• THE TASK
Nothing but the lines from the one containing "finally show ?thesis ." through the final line of the data should be repeated, and each must be exact.

[Collected data entries]
━━━━━━━━━━━━━━━━━━━━

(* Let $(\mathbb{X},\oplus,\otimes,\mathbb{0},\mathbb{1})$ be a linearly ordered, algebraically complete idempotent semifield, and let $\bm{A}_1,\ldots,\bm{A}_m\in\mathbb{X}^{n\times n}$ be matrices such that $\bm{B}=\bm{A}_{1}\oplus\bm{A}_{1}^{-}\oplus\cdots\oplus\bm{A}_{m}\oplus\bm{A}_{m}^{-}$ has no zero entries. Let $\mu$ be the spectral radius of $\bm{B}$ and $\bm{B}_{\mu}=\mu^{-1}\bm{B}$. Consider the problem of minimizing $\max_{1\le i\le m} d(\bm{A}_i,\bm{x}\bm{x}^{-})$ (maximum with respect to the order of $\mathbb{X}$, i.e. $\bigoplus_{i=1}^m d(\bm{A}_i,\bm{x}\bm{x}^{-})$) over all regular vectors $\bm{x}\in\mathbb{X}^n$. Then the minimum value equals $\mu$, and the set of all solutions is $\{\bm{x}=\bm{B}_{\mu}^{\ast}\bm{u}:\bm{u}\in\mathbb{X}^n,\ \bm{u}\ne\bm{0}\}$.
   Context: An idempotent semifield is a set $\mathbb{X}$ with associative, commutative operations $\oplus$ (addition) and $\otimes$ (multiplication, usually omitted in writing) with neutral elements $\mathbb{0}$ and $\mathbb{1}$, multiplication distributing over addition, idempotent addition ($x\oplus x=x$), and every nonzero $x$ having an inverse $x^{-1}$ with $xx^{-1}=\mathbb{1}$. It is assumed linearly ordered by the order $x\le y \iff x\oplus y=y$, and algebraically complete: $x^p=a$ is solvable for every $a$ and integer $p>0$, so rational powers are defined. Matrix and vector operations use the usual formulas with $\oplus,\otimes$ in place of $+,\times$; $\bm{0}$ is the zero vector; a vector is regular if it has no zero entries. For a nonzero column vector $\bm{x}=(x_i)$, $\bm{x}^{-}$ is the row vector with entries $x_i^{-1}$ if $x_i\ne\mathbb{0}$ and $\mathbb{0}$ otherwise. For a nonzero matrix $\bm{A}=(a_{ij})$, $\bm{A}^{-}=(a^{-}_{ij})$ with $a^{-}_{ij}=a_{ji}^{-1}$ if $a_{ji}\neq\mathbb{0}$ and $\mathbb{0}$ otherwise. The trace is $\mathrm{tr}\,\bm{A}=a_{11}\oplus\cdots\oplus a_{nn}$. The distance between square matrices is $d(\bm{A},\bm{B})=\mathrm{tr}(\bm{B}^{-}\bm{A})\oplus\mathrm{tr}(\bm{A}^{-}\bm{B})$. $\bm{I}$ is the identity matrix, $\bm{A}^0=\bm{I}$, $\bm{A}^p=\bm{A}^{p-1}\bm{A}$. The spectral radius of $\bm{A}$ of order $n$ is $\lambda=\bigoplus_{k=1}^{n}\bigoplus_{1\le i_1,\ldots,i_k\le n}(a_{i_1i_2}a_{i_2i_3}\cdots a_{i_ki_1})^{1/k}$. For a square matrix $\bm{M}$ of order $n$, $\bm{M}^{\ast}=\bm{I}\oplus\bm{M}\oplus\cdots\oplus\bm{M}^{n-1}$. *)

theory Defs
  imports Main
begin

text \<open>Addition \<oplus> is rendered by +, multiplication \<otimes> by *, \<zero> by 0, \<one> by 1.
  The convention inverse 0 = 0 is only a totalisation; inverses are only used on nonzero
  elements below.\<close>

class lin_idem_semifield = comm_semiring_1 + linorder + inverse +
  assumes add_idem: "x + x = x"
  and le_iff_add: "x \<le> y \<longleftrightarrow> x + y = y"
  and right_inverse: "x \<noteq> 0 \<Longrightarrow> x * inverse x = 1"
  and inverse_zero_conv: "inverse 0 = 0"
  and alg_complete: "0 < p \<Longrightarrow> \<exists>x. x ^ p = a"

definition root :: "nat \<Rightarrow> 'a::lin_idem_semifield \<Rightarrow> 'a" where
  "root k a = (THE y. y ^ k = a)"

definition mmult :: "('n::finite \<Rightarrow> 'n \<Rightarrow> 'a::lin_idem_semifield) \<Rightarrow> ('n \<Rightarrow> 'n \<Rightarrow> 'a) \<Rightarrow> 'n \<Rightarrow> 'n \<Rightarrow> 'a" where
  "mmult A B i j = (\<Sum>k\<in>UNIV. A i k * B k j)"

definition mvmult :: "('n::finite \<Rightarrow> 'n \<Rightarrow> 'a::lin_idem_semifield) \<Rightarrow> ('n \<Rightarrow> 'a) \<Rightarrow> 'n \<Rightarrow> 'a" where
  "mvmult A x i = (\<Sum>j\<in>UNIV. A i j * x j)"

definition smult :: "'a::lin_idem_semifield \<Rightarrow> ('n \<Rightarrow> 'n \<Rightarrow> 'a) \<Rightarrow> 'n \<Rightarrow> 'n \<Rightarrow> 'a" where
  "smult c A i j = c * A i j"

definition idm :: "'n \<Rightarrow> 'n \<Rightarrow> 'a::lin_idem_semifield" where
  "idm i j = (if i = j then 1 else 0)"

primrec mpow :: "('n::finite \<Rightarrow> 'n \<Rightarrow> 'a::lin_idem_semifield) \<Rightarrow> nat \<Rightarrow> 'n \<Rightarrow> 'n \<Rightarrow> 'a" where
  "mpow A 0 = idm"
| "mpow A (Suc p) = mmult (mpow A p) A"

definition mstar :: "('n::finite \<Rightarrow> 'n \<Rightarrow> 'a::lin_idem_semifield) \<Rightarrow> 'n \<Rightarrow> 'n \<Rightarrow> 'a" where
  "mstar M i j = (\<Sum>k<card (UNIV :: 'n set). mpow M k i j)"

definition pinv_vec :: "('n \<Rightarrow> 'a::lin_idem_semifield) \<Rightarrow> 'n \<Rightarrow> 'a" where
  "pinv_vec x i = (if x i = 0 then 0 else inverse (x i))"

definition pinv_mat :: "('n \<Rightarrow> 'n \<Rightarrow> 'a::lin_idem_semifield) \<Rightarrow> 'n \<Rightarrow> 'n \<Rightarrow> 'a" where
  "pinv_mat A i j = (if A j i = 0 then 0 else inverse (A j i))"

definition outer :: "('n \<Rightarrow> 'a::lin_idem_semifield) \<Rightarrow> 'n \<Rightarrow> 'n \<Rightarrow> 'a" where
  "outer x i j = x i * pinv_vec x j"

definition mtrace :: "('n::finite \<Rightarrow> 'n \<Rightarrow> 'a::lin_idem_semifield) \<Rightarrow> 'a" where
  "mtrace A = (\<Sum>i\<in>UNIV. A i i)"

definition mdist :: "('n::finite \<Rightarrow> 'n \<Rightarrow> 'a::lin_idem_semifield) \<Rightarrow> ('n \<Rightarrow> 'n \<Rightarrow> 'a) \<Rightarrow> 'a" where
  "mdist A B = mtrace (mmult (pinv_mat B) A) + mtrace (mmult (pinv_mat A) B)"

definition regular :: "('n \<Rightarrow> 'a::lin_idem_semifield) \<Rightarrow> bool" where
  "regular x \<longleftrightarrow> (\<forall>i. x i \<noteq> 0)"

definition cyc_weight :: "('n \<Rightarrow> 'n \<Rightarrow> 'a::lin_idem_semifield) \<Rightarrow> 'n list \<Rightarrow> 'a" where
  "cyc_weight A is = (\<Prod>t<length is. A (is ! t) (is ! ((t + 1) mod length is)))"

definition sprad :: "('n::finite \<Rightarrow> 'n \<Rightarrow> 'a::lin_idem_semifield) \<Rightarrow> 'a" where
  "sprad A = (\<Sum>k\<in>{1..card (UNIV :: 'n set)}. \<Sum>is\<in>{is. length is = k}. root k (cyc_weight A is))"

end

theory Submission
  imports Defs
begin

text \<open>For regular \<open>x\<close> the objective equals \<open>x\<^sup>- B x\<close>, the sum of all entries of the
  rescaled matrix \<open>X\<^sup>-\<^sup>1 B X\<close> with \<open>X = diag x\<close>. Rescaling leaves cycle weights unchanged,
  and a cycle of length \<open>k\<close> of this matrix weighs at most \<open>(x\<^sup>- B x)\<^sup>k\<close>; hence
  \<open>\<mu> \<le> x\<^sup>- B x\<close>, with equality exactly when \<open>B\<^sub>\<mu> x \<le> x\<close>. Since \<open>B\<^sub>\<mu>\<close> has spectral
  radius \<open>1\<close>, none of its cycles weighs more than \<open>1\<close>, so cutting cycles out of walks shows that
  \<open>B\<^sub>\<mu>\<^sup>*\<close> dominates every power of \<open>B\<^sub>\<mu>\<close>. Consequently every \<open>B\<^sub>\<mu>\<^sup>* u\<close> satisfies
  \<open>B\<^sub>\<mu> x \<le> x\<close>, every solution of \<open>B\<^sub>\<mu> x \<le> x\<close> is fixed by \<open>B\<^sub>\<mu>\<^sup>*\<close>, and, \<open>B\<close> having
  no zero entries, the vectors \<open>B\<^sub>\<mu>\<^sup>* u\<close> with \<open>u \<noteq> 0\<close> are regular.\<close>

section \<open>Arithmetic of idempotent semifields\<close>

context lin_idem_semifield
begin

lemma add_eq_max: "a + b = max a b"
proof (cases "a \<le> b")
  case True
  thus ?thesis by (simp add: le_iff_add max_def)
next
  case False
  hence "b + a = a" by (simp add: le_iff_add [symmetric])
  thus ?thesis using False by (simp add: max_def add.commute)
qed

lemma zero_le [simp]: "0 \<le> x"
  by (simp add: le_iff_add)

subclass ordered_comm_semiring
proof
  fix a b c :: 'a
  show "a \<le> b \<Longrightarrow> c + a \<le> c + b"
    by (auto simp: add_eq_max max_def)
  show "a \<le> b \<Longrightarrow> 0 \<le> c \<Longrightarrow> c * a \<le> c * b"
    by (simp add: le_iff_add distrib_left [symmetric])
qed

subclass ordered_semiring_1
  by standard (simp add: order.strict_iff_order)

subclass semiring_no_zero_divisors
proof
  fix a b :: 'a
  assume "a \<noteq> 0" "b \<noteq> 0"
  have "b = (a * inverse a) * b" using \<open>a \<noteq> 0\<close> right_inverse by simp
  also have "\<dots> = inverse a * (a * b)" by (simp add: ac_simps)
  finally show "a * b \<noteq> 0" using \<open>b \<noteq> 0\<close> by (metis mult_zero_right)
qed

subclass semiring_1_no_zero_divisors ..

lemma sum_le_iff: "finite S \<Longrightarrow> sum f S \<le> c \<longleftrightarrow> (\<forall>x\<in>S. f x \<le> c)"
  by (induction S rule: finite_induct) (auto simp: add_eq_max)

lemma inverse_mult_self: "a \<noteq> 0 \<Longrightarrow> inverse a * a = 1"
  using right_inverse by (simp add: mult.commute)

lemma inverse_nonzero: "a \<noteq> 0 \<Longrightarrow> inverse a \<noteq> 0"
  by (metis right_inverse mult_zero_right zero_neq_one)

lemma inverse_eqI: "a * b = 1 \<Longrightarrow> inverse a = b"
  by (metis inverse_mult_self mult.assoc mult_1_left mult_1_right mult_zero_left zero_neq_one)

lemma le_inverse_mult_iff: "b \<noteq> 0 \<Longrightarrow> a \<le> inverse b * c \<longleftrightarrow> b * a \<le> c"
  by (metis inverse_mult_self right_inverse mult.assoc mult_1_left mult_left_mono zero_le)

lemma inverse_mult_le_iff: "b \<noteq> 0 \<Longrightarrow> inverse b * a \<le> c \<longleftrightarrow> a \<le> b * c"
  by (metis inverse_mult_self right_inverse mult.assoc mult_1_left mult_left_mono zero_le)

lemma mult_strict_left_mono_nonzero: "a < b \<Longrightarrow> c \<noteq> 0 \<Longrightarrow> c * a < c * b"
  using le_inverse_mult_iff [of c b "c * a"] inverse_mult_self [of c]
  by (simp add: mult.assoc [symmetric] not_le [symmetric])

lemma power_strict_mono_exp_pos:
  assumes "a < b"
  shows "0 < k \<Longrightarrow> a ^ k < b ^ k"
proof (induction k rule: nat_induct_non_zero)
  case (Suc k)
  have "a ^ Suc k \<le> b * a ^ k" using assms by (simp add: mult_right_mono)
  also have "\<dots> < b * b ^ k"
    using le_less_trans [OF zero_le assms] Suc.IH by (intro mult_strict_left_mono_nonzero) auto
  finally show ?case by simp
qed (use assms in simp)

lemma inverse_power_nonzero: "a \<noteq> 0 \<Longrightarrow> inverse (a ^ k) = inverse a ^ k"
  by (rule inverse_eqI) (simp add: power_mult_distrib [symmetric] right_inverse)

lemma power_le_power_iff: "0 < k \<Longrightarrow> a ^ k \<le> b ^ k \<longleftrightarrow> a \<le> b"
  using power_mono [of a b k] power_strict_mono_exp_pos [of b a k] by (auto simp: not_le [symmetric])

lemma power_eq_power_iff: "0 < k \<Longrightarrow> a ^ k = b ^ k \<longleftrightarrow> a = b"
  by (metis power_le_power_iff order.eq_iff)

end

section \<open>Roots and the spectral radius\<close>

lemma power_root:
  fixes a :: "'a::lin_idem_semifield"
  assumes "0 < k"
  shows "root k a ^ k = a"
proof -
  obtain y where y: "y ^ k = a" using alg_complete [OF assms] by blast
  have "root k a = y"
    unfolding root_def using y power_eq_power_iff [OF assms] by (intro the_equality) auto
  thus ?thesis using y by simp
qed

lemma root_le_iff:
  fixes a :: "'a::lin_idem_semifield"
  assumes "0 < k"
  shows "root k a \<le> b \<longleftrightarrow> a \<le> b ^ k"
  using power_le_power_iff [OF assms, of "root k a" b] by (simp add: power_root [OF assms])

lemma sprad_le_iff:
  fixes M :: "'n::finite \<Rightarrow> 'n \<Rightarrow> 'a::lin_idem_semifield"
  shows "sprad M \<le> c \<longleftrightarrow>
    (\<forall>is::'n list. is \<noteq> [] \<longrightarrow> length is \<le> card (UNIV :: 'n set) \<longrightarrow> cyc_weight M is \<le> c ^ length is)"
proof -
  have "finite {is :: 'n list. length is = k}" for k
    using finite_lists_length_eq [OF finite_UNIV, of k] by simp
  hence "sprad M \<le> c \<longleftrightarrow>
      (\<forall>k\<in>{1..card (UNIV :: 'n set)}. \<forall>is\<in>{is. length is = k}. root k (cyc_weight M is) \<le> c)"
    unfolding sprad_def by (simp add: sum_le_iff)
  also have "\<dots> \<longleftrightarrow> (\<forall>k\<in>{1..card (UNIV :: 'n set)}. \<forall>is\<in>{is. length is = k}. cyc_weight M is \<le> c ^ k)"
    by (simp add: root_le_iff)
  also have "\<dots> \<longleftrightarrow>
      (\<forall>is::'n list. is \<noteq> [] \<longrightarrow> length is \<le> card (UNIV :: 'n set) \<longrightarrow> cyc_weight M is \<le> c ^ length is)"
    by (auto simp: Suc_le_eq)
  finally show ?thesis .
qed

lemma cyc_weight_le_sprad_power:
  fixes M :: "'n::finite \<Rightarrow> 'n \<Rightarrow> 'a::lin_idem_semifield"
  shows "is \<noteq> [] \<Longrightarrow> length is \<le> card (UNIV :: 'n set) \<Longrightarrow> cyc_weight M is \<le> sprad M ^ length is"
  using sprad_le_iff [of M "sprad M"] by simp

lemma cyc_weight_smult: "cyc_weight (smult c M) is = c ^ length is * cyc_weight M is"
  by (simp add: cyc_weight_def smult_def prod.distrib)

━━━━━━━━━━━━━━━━━━━━

• EXERCISE ANSWER
  finally show ?thesis .
qed

lemma cyc_weight_le_sprad_power:
  fixes M :: "'n::finite \<Rightarrow> 'n \<Rightarrow> 'a::lin_idem_semifield"
  shows "is \<noteq> [] \<Longrightarrow> length is \<le> card (UNIV :: 'n set) \<Longrightarrow> cyc_weight M is \<le> sprad M ^ length is"
  using sprad_le_iff [of M "sprad M"] by simp

lemma cyc_weight_smult: "cyc_weight (smult c M) is = c ^ length is * cyc_weight M is"
  by (simp add: cyc_weight_def smult_def prod.distrib)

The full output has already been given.